#### DATA TO PROCESS ####
lemma lax_eqs_lower_iff:
  assumes "lower_config st"
  shows "lax_eqs st A0 A1 \<longleftrightarrow> (A0, A1) = lower_pencil st"
proof -
  from assms have nd: "pa st 1 \<noteq> pa st 4" "pa st 2 \<noteq> pa st 3" "al12 st \<noteq> 0" "al21 st \<noteq> 0"
    and z: "al11 st = 0" "be12 st = 0" "be22 st = 0" "be23 st = 0" "be14 st = 0"
    by (simp_all add: lower_config_def nondegenerate_def)
  show ?thesis
    unfolding lax_eqs_iff_scalar lower_pencil_def Let_def pencil_eq_iff
    using lower_pencil_system_iff[OF nd(1-3), where
      ?k1.0 = "kap st 1" and ?k2.0 = "kap st 2" and ?k3.0 = "kap st 3" and ?k4.0 = "kap st 4"
      and v = "al22 st"
      and e = "pole_coeff st 2 1 * (al21 st * be11 st)" and f = "pole_coeff st 2 1 * (al21 st * be21 st)"
      and g = "pole_coeff st 3 1 * (al21 st * be11 st)" and h = "pole_coeff st 4 1 * (al21 st * be21 st)"
      and ?x11.0 = "A0$1$1" and ?x12.0 = "A0$1$2" and ?x21.0 = "A0$2$1" and ?x22.0 = "A0$2$2"
      and ?y11.0 = "A1$1$1" and ?y12.0 = "A1$1$2" and ?y21.0 = "A1$2$1" and ?y22.0 = "A1$2$2"]
    by (simp add: sum_atLeastAtMost_1_4 lax_at_nth forall_2 sum_2 nd z del: One_nat_def)
qed

text \<open>The upper configuration is the lower one with the two components and the indices 1, 4 and 2, 3
  interchanged.\<close>
lemma lax_eqs_upper_iff:
  assumes "upper_config st"
  shows "lax_eqs st A0 A1 \<longleftrightarrow> (A0, A1) = upper_pencil st"
proof -
  from assms have nd: "pa st 2 \<noteq> pa st 3" "pa st 1 \<noteq> pa st 4" "al21 st \<noteq> 0" "al12 st \<noteq> 0"
    and z: "al22 st = 0" "be11 st = 0" "be21 st = 0" "be23 st = 0" "be14 st = 0"
    by (simp_all add: upper_config_def nondegenerate_def)
  show ?thesis
    unfolding lax_eqs_iff_scalar upper_pencil_def Let_def pencil_eq_iff
    using lower_pencil_system_iff[OF nd(1-3), where
      ?k1.0 = "kap st 2" and ?k2.0 = "kap st 1" and ?k3.0 = "kap st 4" and ?k4.0 = "kap st 3"
      and v = "al11 st"
      and e = "pole_coeff st 1 2 * (al12 st * be22 st)" and f = "pole_coeff st 1 2 * (al12 st * be12 st)"
      and g = "pole_coeff st 4 2 * (al12 st * be22 st)" and h = "pole_coeff st 3 2 * (al12 st * be12 st)"
      and ?x11.0 = "A0$2$2" and ?x12.0 = "A0$2$1" and ?x21.0 = "A0$1$2" and ?x22.0 = "A0$1$1"
      and ?y11.0 = "A1$2$2" and ?y12.0 = "A1$2$1" and ?y21.0 = "A1$1$2" and ?y22.0 = "A1$1$1"]
    by (simp add: sum_atLeastAtMost_1_4 lax_at_nth forall_2 sum_2 nd z
        add.commute[of "(A0$2$2 + pa st 1 * A1$2$2) * al21 st"]
        add.commute[of "(A0$1$2 + pa st 1 * A1$1$2 + pole_coeff st 1 2 * (al12 st * be22 st)) * al21 st"]
        del: One_nat_def) blast
qed

lemma vector_2_zero: "vector [0, 0] = (0 :: 'a::zero^2)"
  by (simp add: vec_eq_iff forall_2)

lemma Ham_lower:
  assumes "lower_config st"
  shows "Ham p2 p3 p4 p5 st
    = Hr (pa st) ((kap st)(4 := kap st 4 - pole_coeff st 4 1 * (al21 st * be21 st)))
      - (al21 st * be21 st)^2 * fls_residue (ham_weight p2 p3 p4 p5 *
          (pole_series p2 p3 p4 p5 (pb st 1) (pa st 1) * pole_series p2 p3 p4 p5 (pb st 1) (pa st 1)))"
proof -
  note cfg = assms[unfolded lower_config_def]
  have sol: "lax_solution st = (fst (lower_pencil st), snd (lower_pencil st))"
    using lax_eqs_lower_iff[OF assms] by (intro lax_solution_eqI) simp
  have poles: "\<forall>s\<in>{1..4}. s \<noteq> 1 \<longrightarrow> betaV st s = 0"
    using cfg unfolding atLeastAtMost_1_4 by (simp add: vector_2_zero del: One_nat_def)
  show ?thesis
    using Ham_single_pole[OF sol _ poles] cfg
    by (simp add: trace_pencil chord_product Hr_eq_pair_energy trace_outer_square sum_2 lower_pencil_def
        Let_def distrib_left add.commute del: One_nat_def)
qed

lemma Ham_upper:
  assumes "upper_config st"
  shows "Ham p2 p3 p4 p5 st
    = Hr (pa st) ((kap st)(3 := kap st 3 - pole_coeff st 3 2 * (al12 st * be12 st)))
      - (al12 st * be12 st)^2 * fls_residue (ham_weight p2 p3 p4 p5 *
          (pole_series p2 p3 p4 p5 (pb st 2) (pa st 2) * pole_series p2 p3 p4 p5 (pb st 2) (pa st 2)))"
proof -
  note cfg = assms[unfolded upper_config_def]
  have sol: "lax_solution st = (fst (upper_pencil st), snd (upper_pencil st))"
    using lax_eqs_upper_iff[OF assms] by (intro lax_solution_eqI) simp
  have poles: "\<forall>s\<in>{1..4}. s \<noteq> 2 \<longrightarrow> betaV st s = 0"
    using cfg unfolding atLeastAtMost_1_4 by (simp add: vector_2_zero del: One_nat_def)
  show ?thesis
    using Ham_single_pole[OF sol _ poles] cfg
    by (simp add: trace_pencil chord_product Hr_eq_pair_energy trace_outer_square sum_2 upper_pencil_def
        Let_def distrib_left add.commute del: One_nat_def)
qed

section \<open>The subvariety Z\<close>

text \<open>If alpha_21 = 0 then alpha_1 = 0, and (x - a_4) E_22 can be added to any solution A(x); likewise
  (x - a_3) E_11 if alpha_12 = 0.\<close>
lemma gauge_alpha_nonzero_if_unique:
  assumes "\<exists>!A. lax_eqs st (fst A) (snd A)" and "al11 st = 0" "al22 st = 0"
  shows "al21 st \<noteq> 0" "al12 st \<noteq> 0"
proof -
  have "vector [vector [0, 0], vector [0, 1]] \<noteq> (0 :: complex^2^2)"
    by (metis vector_2(2) vector_2(2)[of "0::complex"] zero_index zero_neq_one)
  moreover have "al21 st = 0 \<Longrightarrow> \<forall>s\<in>{1..4}.
      (pa st s - pa st 4) *s (vector [vector [0, 0], vector [0, 1]] *v alphaV st s) = (0 :: complex^2)"
    using assms(2,3) unfolding atLeastAtMost_1_4
    by (simp add: vec_eq_iff forall_2 matrix_vector_mult_def sum_2 del: One_nat_def)
  ultimately show "al21 st \<noteq> 0"
    using shift_trivial_if_unique[OF assms(1)] by blast
  have "vector [vector [1, 0], vector [0, 0]] \<noteq> (0 :: complex^2^2)"
    by (metis vector_2(1) vector_2(1)[of "1::complex"] zero_index zero_neq_one)
  moreover have "al12 st = 0 \<Longrightarrow> \<forall>s\<in>{1..4}.
      (pa st s - pa st 3) *s (vector [vector [1, 0], vector [0, 0]] *v alphaV st s) = (0 :: complex^2)"
    using assms(2,3) unfolding atLeastAtMost_1_4
    by (simp add: vec_eq_iff forall_2 matrix_vector_mult_def sum_2 del: One_nat_def)
  ultimately show "al12 st \<noteq> 0"
    using shift_trivial_if_unique[OF assms(1)] by blast
qed

definition in_Z :: "phase \<Rightarrow> bool" where
  "in_Z st \<longleftrightarrow> al11 st = 0 \<and> al22 st = 0 \<and> be11 st = 0 \<and> be21 st = 0 \<and> be12 st = 0 \<and> be22 st = 0
     \<and> be23 st = 0 \<and> be14 st = 0"

lemma Ham_eq_Hr_if_lower_config:
  "lower_config st \<Longrightarrow> be21 st = 0 \<Longrightarrow> Ham p2 p3 p4 p5 st = Hr (pa st) (kap st)"
  using Ham_lower by simp

lemma Ham_eq_Hr_if_upper_config:
  "upper_config st \<Longrightarrow> be12 st = 0 \<Longrightarrow> Ham p2 p3 p4 p5 st = Hr (pa st) (kap st)"
  using Ham_upper by simp

lemma Ham_eq_Hr_on_Z:
  assumes "in_Z st" "nondegenerate st"
  shows "Ham p2 p3 p4 p5 st = Hr (pa st) (kap st)"
  using assms by (intro Ham_eq_Hr_if_lower_config) (simp_all add: in_Z_def lower_config_def)

lemma has_field_derivative_Ham_constant_on_Z:
  assumes "in_Z st" "nondegenerate st"
  shows "((\<lambda>t. Ham p2 p3 p4 p5 (st\<lparr>be11 := t\<rparr>)) has_field_derivative 0) (at (be11 st))"
    and "((\<lambda>t. Ham p2 p3 p4 p5 (st\<lparr>be22 := t\<rparr>)) has_field_derivative 0) (at (be22 st))"
    and "((\<lambda>t. Ham p2 p3 p4 p5 (st\<lparr>al11 := t\<rparr>)) has_field_derivative 0) (at (al11 st))"
    and "((\<lambda>t. Ham p2 p3 p4 p5 (st\<lparr>al22 := t\<rparr>)) has_field_derivative 0) (at (al22 st))"
    and "((\<lambda>t. Ham p2 p3 p4 p5 (st\<lparr>al21 := t\<rparr>)) has_field_derivative 0) (at (al21 st))"
    and "((\<lambda>t. Ham p2 p3 p4 p5 (st\<lparr>al12 := t\<rparr>)) has_field_derivative 0) (at (al12 st))"
proof -
  note defs = in_Z_def nondegenerate_def lower_config_def upper_config_def
  have "Ham p2 p3 p4 p5 (st\<lparr>be11 := t\<rparr>) = Hr (pa st) (kap st)"
    "Ham p2 p3 p4 p5 (st\<lparr>al22 := t\<rparr>) = Hr (pa st) (kap st)" for t
    using Ham_eq_Hr_if_lower_config[of "st\<lparr>be11 := t\<rparr>"] Ham_eq_Hr_if_lower_config[of "st\<lparr>al22 := t\<rparr>"]
      assms by (simp_all add: defs)
  moreover have "Ham p2 p3 p4 p5 (st\<lparr>be22 := t\<rparr>) = Hr (pa st) (kap st)"
    "Ham p2 p3 p4 p5 (st\<lparr>al11 := t\<rparr>) = Hr (pa st) (kap st)" for t
    using Ham_eq_Hr_if_upper_config[of "st\<lparr>be22 := t\<rparr>"] Ham_eq_Hr_if_upper_config[of "st\<lparr>al11 := t\<rparr>"]
      assms by (simp_all add: defs)
  ultimately show "((\<lambda>t. Ham p2 p3 p4 p5 (st\<lparr>be11 := t\<rparr>)) has_field_derivative 0) (at (be11 st))"
    "((\<lambda>t. Ham p2 p3 p4 p5 (st\<lparr>be22 := t\<rparr>)) has_field_derivative 0) (at (be22 st))"
    "((\<lambda>t. Ham p2 p3 p4 p5 (st\<lparr>al11 := t\<rparr>)) has_field_derivative 0) (at (al11 st))"
    "((\<lambda>t. Ham p2 p3 p4 p5 (st\<lparr>al22 := t\<rparr>)) has_field_derivative 0) (at (al22 st))"
    by simp_all
  have al21: "Ham p2 p3 p4 p5 (st\<lparr>al21 := t\<rparr>) = Hr (pa st) (kap st)"
    and al12: "Ham p2 p3 p4 p5 (st\<lparr>al12 := t\<rparr>) = Hr (pa st) (kap st)" if "t \<noteq> 0" for t
    using Ham_eq_Hr_if_lower_config[of "st\<lparr>al21 := t\<rparr>"] Ham_eq_Hr_if_lower_config[of "st\<lparr>al12 := t\<rparr>"]
      assms that by (simp_all add: defs)
  note locally_const = has_field_derivative_transform_within_open[OF DERIV_const open_delete[OF open_UNIV, of 0]]
  show "((\<lambda>t. Ham p2 p3 p4 p5 (st\<lparr>al21 := t\<rparr>)) has_field_derivative 0) (at (al21 st))"
    by (rule locally_const) (use assms(2) al21 in \<open>auto simp: nondegenerate_def\<close>)
  show "((\<lambda>t. Ham p2 p3 p4 p5 (st\<lparr>al12 := t\<rparr>)) has_field_derivative 0) (at (al12 st))"
    by (rule locally_const) (use assms(2) al12 in \<open>auto simp: nondegenerate_def\<close>)
qed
####
## [GOAL OF THE EXERCISE]
Reproduce exactly the section above that begins at the line containing "(st\<lparr>al11 := t\<rparr>) = Hr" and ends at the line containing "(st\<lparr>al21 := t\<rparr>) = Hr", leaving out all other lines.

## [SOLVED EXERCISE]
    "Ham p2 p3 p4 p5 (st\<lparr>al11 := t\<rparr>) = Hr (pa st) (kap st)" for t
    using Ham_eq_Hr_if_upper_config[of "st\<lparr>be22 := t\<rparr>"] Ham_eq_Hr_if_upper_config[of "st\<lparr>al11 := t\<rparr>"]
      assms by (simp_all add: defs)
  ultimately show "((\<lambda>t. Ham p2 p3 p4 p5 (st\<lparr>be11 := t\<rparr>)) has_field_derivative 0) (at (be11 st))"
    "((\<lambda>t. Ham p2 p3 p4 p5 (st\<lparr>be22 := t\<rparr>)) has_field_derivative 0) (at (be22 st))"
    "((\<lambda>t. Ham p2 p3 p4 p5 (st\<lparr>al11 := t\<rparr>)) has_field_derivative 0) (at (al11 st))"
    "((\<lambda>t. Ham p2 p3 p4 p5 (st\<lparr>al22 := t\<rparr>)) has_field_derivative 0) (at (al22 st))"
    by simp_all
  have al21: "Ham p2 p3 p4 p5 (st\<lparr>al21 := t\<rparr>) = Hr (pa st) (kap st)"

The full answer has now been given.